◆ **Prompt**
Tally the lines in the material below that hold the string "noteq" and report the tally alone.

◆ **Given records**
******************************

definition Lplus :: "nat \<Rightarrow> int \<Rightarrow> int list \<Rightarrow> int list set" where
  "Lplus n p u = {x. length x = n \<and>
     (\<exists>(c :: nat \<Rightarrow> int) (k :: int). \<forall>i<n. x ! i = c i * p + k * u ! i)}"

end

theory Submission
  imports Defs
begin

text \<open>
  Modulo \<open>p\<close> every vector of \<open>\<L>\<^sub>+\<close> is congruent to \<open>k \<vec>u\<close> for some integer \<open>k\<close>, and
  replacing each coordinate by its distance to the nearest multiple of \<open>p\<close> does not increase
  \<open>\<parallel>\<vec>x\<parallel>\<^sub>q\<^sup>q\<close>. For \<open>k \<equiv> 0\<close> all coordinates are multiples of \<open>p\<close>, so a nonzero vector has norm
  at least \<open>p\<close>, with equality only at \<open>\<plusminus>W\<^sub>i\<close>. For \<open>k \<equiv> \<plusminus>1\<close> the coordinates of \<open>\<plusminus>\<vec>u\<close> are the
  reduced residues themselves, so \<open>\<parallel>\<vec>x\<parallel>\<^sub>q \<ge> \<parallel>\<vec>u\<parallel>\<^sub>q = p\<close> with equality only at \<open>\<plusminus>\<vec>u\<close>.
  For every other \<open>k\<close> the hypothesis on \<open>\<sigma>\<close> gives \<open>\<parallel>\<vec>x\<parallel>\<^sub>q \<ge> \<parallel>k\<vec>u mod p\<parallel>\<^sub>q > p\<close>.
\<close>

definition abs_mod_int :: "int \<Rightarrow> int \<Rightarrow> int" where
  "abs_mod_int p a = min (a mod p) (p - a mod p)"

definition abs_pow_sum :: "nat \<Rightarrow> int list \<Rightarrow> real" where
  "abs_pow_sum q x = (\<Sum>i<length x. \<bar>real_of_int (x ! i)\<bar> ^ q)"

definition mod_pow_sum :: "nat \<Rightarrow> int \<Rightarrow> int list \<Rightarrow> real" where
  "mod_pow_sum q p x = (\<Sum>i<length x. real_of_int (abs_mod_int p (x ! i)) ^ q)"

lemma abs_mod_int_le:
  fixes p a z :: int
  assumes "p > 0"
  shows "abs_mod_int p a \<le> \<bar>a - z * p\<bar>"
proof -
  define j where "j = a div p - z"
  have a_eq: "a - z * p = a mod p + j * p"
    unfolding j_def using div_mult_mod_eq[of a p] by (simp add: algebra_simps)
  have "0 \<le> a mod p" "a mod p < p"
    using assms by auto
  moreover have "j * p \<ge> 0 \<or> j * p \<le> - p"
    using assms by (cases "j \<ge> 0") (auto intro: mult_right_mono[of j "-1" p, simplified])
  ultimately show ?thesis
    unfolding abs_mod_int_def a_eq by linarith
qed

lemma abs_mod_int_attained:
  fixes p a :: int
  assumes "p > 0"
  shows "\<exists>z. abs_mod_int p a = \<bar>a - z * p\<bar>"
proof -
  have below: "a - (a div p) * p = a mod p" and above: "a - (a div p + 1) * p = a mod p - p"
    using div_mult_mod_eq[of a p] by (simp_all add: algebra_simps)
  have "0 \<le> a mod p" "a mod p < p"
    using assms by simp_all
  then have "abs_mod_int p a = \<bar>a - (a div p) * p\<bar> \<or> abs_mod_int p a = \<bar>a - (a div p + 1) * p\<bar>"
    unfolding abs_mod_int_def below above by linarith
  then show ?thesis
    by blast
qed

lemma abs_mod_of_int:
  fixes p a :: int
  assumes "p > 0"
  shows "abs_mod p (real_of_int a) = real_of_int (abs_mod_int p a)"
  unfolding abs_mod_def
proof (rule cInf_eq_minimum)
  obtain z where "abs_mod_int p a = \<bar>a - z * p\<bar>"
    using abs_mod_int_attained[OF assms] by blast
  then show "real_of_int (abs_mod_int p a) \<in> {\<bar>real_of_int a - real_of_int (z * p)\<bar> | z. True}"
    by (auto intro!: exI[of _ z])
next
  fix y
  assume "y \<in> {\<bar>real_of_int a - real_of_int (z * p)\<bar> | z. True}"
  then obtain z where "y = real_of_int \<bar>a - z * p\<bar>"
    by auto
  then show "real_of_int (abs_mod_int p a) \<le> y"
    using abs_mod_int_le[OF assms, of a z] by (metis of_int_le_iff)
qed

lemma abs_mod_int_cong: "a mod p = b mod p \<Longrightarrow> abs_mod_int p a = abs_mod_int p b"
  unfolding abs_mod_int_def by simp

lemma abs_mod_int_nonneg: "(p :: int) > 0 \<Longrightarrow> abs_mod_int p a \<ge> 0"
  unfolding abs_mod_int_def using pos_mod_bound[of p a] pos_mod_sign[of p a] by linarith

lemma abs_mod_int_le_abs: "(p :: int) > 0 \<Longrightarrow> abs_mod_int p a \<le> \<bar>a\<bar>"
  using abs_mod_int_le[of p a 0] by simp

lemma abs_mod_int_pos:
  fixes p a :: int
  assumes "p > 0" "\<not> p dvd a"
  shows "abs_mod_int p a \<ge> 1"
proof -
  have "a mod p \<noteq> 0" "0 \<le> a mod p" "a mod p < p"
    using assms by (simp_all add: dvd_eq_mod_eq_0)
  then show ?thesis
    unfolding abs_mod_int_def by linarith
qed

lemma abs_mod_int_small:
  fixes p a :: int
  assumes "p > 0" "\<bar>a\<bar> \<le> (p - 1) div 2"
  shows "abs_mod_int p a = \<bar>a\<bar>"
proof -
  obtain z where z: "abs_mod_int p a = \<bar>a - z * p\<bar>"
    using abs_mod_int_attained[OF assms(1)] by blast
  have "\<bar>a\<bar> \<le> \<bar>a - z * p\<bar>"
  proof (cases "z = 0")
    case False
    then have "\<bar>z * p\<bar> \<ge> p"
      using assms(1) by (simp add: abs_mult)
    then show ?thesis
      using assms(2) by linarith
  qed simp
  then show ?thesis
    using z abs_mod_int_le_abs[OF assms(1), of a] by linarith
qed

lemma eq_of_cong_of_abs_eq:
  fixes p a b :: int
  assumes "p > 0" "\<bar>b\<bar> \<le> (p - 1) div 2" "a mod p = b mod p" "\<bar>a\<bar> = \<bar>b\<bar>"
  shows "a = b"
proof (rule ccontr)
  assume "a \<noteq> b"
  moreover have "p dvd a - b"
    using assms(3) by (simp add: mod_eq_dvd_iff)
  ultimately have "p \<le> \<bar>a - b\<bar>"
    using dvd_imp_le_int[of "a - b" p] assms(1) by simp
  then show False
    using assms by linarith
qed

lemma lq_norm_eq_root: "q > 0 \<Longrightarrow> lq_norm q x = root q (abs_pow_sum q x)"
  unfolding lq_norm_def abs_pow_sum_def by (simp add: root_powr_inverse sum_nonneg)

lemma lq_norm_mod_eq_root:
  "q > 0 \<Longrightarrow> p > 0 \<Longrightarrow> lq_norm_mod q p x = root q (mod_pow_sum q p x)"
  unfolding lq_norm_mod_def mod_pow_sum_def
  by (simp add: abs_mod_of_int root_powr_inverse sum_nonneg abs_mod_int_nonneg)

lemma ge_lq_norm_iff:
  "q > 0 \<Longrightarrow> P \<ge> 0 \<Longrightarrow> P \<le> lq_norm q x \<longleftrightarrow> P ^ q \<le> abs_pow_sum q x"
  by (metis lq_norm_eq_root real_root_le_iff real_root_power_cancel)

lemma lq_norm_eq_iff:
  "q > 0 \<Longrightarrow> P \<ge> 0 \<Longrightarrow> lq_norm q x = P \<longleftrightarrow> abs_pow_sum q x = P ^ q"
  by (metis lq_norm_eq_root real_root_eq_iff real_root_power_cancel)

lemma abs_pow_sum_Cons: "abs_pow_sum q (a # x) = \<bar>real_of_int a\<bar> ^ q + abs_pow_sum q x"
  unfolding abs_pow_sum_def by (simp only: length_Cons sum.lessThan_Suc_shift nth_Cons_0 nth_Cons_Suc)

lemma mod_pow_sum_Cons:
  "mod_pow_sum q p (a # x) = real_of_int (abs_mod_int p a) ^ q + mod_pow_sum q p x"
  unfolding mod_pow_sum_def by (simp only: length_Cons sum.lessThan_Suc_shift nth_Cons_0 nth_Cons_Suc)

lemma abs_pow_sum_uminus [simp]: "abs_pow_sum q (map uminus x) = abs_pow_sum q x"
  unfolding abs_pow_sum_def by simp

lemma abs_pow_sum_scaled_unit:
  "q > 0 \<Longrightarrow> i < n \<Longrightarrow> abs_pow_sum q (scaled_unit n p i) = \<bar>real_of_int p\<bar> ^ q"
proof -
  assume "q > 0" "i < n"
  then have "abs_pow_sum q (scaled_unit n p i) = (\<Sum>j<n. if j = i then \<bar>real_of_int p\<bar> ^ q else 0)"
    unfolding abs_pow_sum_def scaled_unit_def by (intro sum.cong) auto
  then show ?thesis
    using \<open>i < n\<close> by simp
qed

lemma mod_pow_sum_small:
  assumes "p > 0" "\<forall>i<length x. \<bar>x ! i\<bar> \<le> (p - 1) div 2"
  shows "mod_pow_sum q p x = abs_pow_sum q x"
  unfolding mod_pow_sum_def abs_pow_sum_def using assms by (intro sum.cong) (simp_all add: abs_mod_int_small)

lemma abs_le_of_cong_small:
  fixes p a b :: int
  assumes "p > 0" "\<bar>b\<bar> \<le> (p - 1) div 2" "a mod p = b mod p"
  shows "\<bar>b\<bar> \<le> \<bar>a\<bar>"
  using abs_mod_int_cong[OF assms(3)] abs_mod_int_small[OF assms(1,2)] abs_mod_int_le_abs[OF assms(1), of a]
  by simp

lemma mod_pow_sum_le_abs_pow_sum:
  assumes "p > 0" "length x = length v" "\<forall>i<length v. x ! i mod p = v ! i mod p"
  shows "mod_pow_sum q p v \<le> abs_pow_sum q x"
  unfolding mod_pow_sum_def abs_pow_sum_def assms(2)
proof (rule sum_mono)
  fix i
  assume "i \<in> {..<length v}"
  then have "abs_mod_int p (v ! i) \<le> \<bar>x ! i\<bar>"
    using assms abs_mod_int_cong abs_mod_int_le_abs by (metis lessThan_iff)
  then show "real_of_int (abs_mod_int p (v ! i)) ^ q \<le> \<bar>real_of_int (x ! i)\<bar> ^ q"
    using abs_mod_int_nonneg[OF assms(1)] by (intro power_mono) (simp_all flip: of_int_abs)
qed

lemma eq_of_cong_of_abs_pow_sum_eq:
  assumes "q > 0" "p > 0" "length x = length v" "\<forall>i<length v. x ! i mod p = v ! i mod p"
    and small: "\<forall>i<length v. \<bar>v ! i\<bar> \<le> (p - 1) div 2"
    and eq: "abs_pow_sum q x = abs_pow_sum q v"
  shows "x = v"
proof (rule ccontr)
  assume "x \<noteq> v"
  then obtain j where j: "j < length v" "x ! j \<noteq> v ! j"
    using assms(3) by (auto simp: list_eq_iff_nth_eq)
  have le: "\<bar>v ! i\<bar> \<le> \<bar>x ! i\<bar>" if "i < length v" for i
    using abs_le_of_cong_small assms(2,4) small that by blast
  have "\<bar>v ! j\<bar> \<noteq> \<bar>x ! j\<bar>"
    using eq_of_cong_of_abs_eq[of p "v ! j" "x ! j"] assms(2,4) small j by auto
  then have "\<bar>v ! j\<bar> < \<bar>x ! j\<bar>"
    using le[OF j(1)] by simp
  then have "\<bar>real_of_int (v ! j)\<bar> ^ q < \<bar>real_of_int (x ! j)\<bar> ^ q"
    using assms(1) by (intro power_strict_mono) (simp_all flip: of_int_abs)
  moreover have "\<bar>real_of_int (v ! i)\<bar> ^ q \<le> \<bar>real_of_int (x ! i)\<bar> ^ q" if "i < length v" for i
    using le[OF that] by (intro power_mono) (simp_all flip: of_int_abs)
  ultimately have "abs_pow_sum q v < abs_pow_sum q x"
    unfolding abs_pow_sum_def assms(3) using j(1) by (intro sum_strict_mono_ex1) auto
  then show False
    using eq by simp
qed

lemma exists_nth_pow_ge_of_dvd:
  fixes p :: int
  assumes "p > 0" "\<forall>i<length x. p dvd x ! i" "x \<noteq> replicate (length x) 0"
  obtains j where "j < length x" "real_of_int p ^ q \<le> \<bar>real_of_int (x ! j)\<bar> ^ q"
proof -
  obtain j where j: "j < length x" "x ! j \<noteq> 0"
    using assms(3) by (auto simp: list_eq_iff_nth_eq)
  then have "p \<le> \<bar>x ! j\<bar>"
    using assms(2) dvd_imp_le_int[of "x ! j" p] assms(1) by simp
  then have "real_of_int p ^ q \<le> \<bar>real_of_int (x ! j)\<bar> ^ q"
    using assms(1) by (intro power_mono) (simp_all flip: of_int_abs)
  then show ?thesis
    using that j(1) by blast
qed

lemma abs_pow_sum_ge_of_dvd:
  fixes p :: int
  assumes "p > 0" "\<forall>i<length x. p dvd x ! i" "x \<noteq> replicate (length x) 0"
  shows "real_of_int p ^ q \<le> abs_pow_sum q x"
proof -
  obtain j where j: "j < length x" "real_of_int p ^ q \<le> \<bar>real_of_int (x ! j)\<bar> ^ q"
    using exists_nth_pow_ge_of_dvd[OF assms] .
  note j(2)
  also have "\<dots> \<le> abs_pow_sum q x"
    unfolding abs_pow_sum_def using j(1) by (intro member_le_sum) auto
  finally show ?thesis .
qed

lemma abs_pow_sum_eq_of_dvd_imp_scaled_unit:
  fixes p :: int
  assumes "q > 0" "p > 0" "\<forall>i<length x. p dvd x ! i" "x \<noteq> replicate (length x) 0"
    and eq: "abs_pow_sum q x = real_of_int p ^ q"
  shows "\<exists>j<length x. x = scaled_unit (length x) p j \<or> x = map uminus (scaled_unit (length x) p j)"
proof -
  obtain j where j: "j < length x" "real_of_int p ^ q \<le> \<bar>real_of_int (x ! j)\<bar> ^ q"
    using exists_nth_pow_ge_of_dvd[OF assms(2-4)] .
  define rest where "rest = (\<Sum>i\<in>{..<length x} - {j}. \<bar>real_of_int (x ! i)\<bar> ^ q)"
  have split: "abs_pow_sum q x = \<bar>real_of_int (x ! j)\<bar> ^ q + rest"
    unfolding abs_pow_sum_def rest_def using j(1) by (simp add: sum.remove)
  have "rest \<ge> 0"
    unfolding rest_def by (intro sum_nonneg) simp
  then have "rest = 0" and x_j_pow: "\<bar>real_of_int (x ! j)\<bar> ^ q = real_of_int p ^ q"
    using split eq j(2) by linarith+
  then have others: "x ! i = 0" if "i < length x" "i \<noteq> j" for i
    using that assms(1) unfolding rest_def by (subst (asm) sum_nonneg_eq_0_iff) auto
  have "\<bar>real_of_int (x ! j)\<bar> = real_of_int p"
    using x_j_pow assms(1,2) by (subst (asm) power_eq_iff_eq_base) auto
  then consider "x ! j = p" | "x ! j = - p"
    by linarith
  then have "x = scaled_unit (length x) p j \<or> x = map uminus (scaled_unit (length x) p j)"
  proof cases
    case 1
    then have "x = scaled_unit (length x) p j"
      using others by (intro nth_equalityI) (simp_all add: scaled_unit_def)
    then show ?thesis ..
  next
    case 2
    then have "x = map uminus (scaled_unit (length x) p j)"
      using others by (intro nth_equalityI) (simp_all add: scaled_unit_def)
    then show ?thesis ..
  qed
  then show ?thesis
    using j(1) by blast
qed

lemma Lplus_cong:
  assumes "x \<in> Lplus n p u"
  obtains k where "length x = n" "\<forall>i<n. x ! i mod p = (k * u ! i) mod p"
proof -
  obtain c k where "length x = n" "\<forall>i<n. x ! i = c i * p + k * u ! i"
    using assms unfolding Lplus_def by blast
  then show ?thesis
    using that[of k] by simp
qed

******************************

◆ **Solution below**
10